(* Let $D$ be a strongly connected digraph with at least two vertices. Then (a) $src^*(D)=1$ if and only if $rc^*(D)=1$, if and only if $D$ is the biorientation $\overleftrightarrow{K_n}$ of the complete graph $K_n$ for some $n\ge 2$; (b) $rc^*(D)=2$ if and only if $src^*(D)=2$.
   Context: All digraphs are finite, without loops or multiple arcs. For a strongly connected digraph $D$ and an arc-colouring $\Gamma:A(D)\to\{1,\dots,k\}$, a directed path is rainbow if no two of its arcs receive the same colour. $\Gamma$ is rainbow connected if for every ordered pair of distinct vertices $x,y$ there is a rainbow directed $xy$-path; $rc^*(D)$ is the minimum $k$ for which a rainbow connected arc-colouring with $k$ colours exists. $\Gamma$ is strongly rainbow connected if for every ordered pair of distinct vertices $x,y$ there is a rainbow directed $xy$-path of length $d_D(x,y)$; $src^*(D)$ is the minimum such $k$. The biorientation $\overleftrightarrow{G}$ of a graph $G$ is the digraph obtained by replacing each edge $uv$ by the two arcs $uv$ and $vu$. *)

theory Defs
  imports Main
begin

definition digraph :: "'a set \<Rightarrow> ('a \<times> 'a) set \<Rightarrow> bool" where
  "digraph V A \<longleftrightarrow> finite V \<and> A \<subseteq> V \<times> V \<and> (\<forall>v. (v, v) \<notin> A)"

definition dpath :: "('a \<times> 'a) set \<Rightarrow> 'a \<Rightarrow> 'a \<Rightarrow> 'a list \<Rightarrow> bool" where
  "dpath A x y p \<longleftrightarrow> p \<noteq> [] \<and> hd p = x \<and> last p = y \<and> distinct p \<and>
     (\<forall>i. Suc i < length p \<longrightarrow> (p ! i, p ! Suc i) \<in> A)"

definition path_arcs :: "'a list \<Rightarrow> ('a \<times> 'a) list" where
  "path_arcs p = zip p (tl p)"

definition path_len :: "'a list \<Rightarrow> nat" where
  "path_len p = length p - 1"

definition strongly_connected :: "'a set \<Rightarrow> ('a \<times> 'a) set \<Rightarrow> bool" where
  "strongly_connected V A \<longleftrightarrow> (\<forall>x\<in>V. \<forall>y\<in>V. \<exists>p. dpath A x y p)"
──────
**WHAT THIS TASK INVOLVES:**
Starting from the line that contains "p = zip p (tl", reproduce each line of the data exactly through the last one.

**RESPONSE AREA:**
  "path_arcs p = zip p (tl p)"

definition path_len :: "'a list \<Rightarrow> nat" where
  "path_len p = length p - 1"

definition strongly_connected :: "'a set \<Rightarrow> ('a \<times> 'a) set \<Rightarrow> bool" where
  "strongly_connected V A \<longleftrightarrow> (\<forall>x\<in>V. \<forall>y\<in>V. \<exists>p. dpath A x y p)"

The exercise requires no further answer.